Ivaldo Lemos Junior
Procurador de justiça do MPDFT
Em 1907, o historiador e sociólogo italiano Guglielmo Ferrero agendou uma visita a Buenos Aires, a convite do jornal La Nación. Aqui no Brasil se soube disso e se fez um esforço para trazê-lo para a Corte, no Rio de Janeiro. Ferrero, que se radicara em Paris, onde publicava artigos na primeira página do Le Figaro e lecionava no principal auditório do Collège de France, foi contactado pela Academia Brasileira de Letras. Acabaram combinando 14 palestras no valor de 40.000 francos (a proposta inicial eram 10.000 liras).

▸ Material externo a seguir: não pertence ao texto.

(* Let $(v_n)$ be a uniformly bounded sequence of weakly increasing functions $v_n:\mathbb{R}\to u([\underline w,\infty))$ such that, for every $n$, $\mathbb{E}_{a^*}[v_n(L_n)]-c(a^* )\ge\mathbb{E}_{\hat a}[v_n(L_n)]-c(\hat a)$. Then $\mathrm{Var}_{a^*}[v_n(L_n)]\ge\exp[-\mathrm{KL}(\mu_{\hat a},\mu_{a^*})n+o(n)]$, i.e. $\liminf_{n\to\infty}\frac1n\log\mathrm{Var}_{a^*}[v_n(L_n)]\ge-\mathrm{KL}(\mu_{\hat a},\mu_{a^*})$.
   Context: Two actions $a^*\neq\hat a$ with costs $c(\hat a)<c(a^* )$, and Borel probability measures $\mu_{a^*}\neq\mu_{\hat a}$ on a signal space $X$ (subset of a Euclidean space), mutually absolutely continuous, with $\int(\frac{d\mu_{a'}}{d\mu_a})^\lambda d\mu_a<\infty$ for all $\lambda>0$, $a,a'\in\{a^*,\hat a\}$. Under action $a$, $x_1,\dots,x_n$ are i.i.d. from $\mu_a$ with expectation and variance $\mathbb{E}_a,\mathrm{Var}_a$. $L_n:=\frac1n\sum_{i=1}^n\log\frac{d\mu_{a^*}}{d\mu_{\hat a}}(x_i)$. $u:[\underline w,\infty)\to\mathbb{R}$ is the agent's (strictly increasing) utility. $\mathrm{KL}(\nu,\nu')=\int\log\frac{d\nu}{d\nu'}d\nu$. *)

theory Defs
  imports "HOL-Probability.Probability"
begin

text \<open>Log-likelihood ratio log (d mu_star / d mu_hat)(x); RN_deriv M N is the density dN/dM.\<close>
definition llr :: "'a measure \<Rightarrow> 'a measure \<Rightarrow> 'a \<Rightarrow> real" where
  "llr Mstar Mhat x = ln (enn2real (RN_deriv Mhat Mstar x))"

definition Ln :: "'a measure \<Rightarrow> 'a measure \<Rightarrow> nat \<Rightarrow> (nat \<Rightarrow> 'a) \<Rightarrow> real" where
  "Ln Mstar Mhat n xs = (\<Sum>i<n. llr Mstar Mhat (xs i)) / real n"

definition sample :: "nat \<Rightarrow> 'a measure \<Rightarrow> (nat \<Rightarrow> 'a) measure" where
  "sample n M = PiM {..<n} (\<lambda>_. M)"

definition var :: "'b measure \<Rightarrow> ('b \<Rightarrow> real) \<Rightarrow> real" where
  "var M f = (\<integral>x. (f x - (\<integral>y. f y \<partial>M))\<^sup>2 \<partial>M)"

end

theory Submission
  imports Defs
begin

A primeira conferência, sobre “A cultura latina no momento atual”, contou com a presença do presidente da República, Afonso Pena, dignitários governamentais e intelectuais. Só que o número de 14 foi caindo para 8, depois 6, e, no final, não passaram de 5. O resto do tempo foi consumido em banquetes e passeios.

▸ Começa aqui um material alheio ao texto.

lemma gaussian_if_std_cumulants_tendsto_0:
  assumes "\<And>k. k \<ge> 3 \<Longrightarrow> (std_cumulant a k \<longlongrightarrow> 0) (at_ln_radius a)"
  shows "gaussian a"
  unfolding gaussian_iff_cdf_std_X_distr
proof (intro allI tendsto_left_filter_sequentially)
  fix x and X :: "nat \<Rightarrow> real"
  assume X: "filterlim X (at_ln_radius a) sequentially"
  interpret moment_cumulant_recursion "at_ln_radius a" "std_moment a" "std_cumulant a"
    by (rule moment_cumulant_recursion_std)
  have "(\<lambda>n. integral\<^sup>L (std_X_distr a (X n)) (\<lambda>x. x ^ k)) \<longlonglongrightarrow> normal_moment k" for k
    using filterlim_compose[OF tendsto_moment_normal[OF assms] X]
    by (rule Lim_transform_eventually)
       (use eventually_std_X_distr_power[OF X, of k] in \<open>auto elim: eventually_mono\<close>)
  then have "weak_conv_m (\<lambda>n. std_X_distr a (X n)) std_normal_distribution"
    by (intro weak_conv_std_normal_if_moments real_distribution_std_X_distr
        eventually_integrable_std_X_distr_power[OF X])
  then show "(\<lambda>n. cdf (std_X_distr a (X n)) x) \<longlonglongrightarrow> Phi x"
    by (simp add: weak_conv_std_normal_iff)
qed

lemma std_moments_tendsto_normal_if_gaussian:
  assumes "\<And>k. k \<ge> 3 \<Longrightarrow> Bfun (std_cumulant a k) (at_ln_radius a)" and "gaussian a"
  shows "(std_moment a m \<longlongrightarrow> normal_moment m) (at_ln_radius a)"
proof (rule tendsto_left_filter_sequentially)
  fix X assume X: "filterlim X (at_ln_radius a) sequentially"
  have conv: "weak_conv_m (\<lambda>n. std_X_distr a (X n)) std_normal_distribution"
    using \<open>gaussian a\<close> filterlim_compose[OF _ X]
    by (auto simp: weak_conv_std_normal_iff gaussian_iff_cdf_std_X_distr)
  obtain B where "eventually (\<lambda>s. norm (std_moment a (2 * m) s) \<le> B) (at_ln_radius a)"
    using moment_cumulant_recursion.Bfun_moment[OF moment_cumulant_recursion_std assms(1)]
    by (blast elim: BfunE)
  then have "eventually (\<lambda>n. norm (std_moment a (2 * m) (X n)) \<le> B) sequentially"
    using X unfolding filterlim_iff by blast
  then have bound: "eventually (\<lambda>n. integral\<^sup>L (std_X_distr a (X n)) (\<lambda>x. x ^ (2 * m)) \<le> B) sequentially"
    using eventually_std_X_distr_power[OF X, of "2 * m"] by eventually_elim auto
  have int: "eventually (\<lambda>n. integrable (std_X_distr a (X n)) (\<lambda>x. x ^ m) \<and>
      integrable (std_X_distr a (X n)) (\<lambda>x. x ^ (2 * m))) sequentially"
    by (intro eventually_conj eventually_integrable_std_X_distr_power[OF X])
  have "(\<lambda>n. integral\<^sup>L (std_X_distr a (X n)) (\<lambda>x. x ^ m)) \<longlonglongrightarrow> normal_moment m"
    using tendsto_moment_if_weak_conv[OF real_distribution_std_X_distr real_dist_normal_dist
        conv int integrable_std_normal_distribution_moment integrable_std_normal_distribution_moment bound]
    by (simp add: integral_std_normal_power)
  then show "(\<lambda>n. std_moment a m (X n)) \<longlonglongrightarrow> normal_moment m"
    by (rule Lim_transform_eventually)
       (use eventually_std_X_distr_power[OF X, of m] in \<open>auto elim: eventually_mono\<close>)
qed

Os honorários, esses não diminuíram. Em moeda nacional, foram uma fortuna de 50 contos de réis (pesquisas na internet mostram variadas conversões para real, que chegam a milhões). A ABL não tinha sede própria nem patrimônio. Não tinha um vintém no caixa. Cada imortal tirava do próprio bolso cinco mil-réis para participar das sessões, tantas vezes com quorum minguado, o que ameaçava a continuação da entidade. Até as eleições para novos membros tinham grande abstenção, mesmo se podendo votar pelo correio.

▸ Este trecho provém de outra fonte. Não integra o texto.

(* Let $\mathcal{C}$ be an idempotent Mal'cev clone on $\{0,1,2\}$ that contains a majority operation and preserves none of $\mu_0,\mu_1,\mu_2$ and $\varphi$. Then $\mathcal{C}\equiv_{\mathrm{m}}\mathcal{C}_2$ or $\mathcal{C}\equiv_{\mathrm{m}}\mathcal{I}_2$.
   Context: A clone is idempotent if $f(x,\dots,x)\approx x$ for all its operations; Mal'cev if it contains $d$ with $d(y,x,x)\approx d(x,x,y)\approx y$; a majority operation satisfies $m(x,y,y)\approx m(y,x,y)\approx m(y,y,x)\approx y$. $\mu_i$ is the equivalence relation on $\{0,1,2\}$ with classes $\{i\}$ and $\{0,1,2\}\setminus\{i\}$; $\varphi=\{(0,1),(1,2),(2,0)\}$. $\mathcal{C}_2=\mathrm{Pol}(\{0,1\};\neq,\{0\},\{1\})$ and $\mathcal{I}_2=\mathrm{Pol}(\{0,1\};\{0\},\{1\})$, where $\mathrm{Pol}(\Gamma)$ is the clone of operations preserving all relations of $\Gamma$. For an $n$-ary $f$ and $\sigma\colon[n]\to[r]$, $f_\sigma(x_1,\dots,x_r)=f(x_{\sigma(1)},\dots,x_{\sigma(n)})$; a minion homomorphism is an arity-preserving map $\xi$ between clones with $\xi(f_\sigma)=\xi(f)_\sigma$; $\mathcal{C}\equiv_{\mathrm{m}}\mathcal{D}$ means there are minion homomorphisms in both directions. *)

theory Defs
  imports Main
begin

text \<open>Finitary operations on a carrier A: an operation is a pair (n, f) with arity n \<ge> 1
  and f applied to argument lists of length n over A; f is normalised to undefined elsewhere.\<close>

type_synonym 'a operation = "nat \<times> ('a list \<Rightarrow> 'a)"
type_synonym 'a relation = "nat \<times> 'a list set"

definition ext_on :: "'a set \<Rightarrow> nat \<Rightarrow> ('a list \<Rightarrow> 'a) \<Rightarrow> 'a list \<Rightarrow> 'a" where
  "ext_on A n h = (\<lambda>xs. if length xs = n \<and> set xs \<subseteq> A then h xs else undefined)"

definition ops :: "'a set \<Rightarrow> 'a operation set" where
  "ops A = {f. fst f \<ge> 1 \<and> (\<forall>xs. length xs = fst f \<and> set xs \<subseteq> A \<longrightarrow> snd f xs \<in> A)
              \<and> ext_on A (fst f) (snd f) = snd f}"

definition proj :: "'a set \<Rightarrow> nat \<Rightarrow> nat \<Rightarrow> 'a operation" where
  "proj A n i = (n, ext_on A n (\<lambda>xs. xs ! i))"

definition comp_op :: "'a set \<Rightarrow> 'a operation \<Rightarrow> nat \<Rightarrow> (nat \<Rightarrow> 'a operation) \<Rightarrow> 'a operation" where
  "comp_op A f m gs = (m, ext_on A m (\<lambda>xs. snd f (map (\<lambda>i. snd (gs i) xs) [0..<fst f])))"

definition clone :: "'a set \<Rightarrow> 'a operation set \<Rightarrow> bool" where
  "clone A C \<longleftrightarrow> C \<subseteq> ops A
     \<and> (\<forall>n i. 1 \<le> n \<and> i < n \<longrightarrow> proj A n i \<in> C)
     \<and> (\<forall>f\<in>C. \<forall>m gs. 1 \<le> m \<and> (\<forall>i<fst f. gs i \<in> C \<and> fst (gs i) = m) \<longrightarrow> comp_op A f m gs \<in> C)"

definition preserves :: "'a operation \<Rightarrow> 'a relation \<Rightarrow> bool" where
  "preserves f \<rho> \<longleftrightarrow> (\<forall>cols. (\<forall>j<fst f. cols j \<in> snd \<rho>) \<longrightarrow>
      map (\<lambda>i. snd f (map (\<lambda>j. cols j ! i) [0..<fst f])) [0..<fst \<rho>] \<in> snd \<rho>)"

definition Pol :: "'a set \<Rightarrow> 'a relation set \<Rightarrow> 'a operation set" where
  "Pol A \<Gamma> = {f \<in> ops A. \<forall>\<rho>\<in>\<Gamma>. preserves f \<rho>}"

definition clone_preserves :: "'a operation set \<Rightarrow> 'a relation \<Rightarrow> bool" where
  "clone_preserves C \<rho> \<longleftrightarrow> (\<forall>f\<in>C. preserves f \<rho>)"

definition idempotent_clone :: "'a set \<Rightarrow> 'a operation set \<Rightarrow> bool" where
  "idempotent_clone A C \<longleftrightarrow> (\<forall>f\<in>C. \<forall>x\<in>A. snd f (replicate (fst f) x) = x)"

definition malcev_clone :: "'a set \<Rightarrow> 'a operation set \<Rightarrow> bool" where
  "malcev_clone A C \<longleftrightarrow> (\<exists>d\<in>C. fst d = 3 \<and>
      (\<forall>x\<in>A. \<forall>y\<in>A. snd d [y,x,x] = y \<and> snd d [x,x,y] = y))"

Pois sabe quem pagou os 500 mil-réis? O governo. Mais exatamente, o orçamento de dois ministérios, da Viação e do Exterior. E não é certeza que a presença de Ferrero tenha sido tão proveitosa quanto prometia. O presidente da ABL, Machado, fez elogios, mas o colega de fardão Euclides da Cunha se disse “desiludido” e “desapontado”, e lamentou a “glorificação das mediocridades”. Sobrou até para a mulher do visitante (filha de Cesare Lombroso), rotulada de “a mais feia e mais encantadora” que já tinha visto.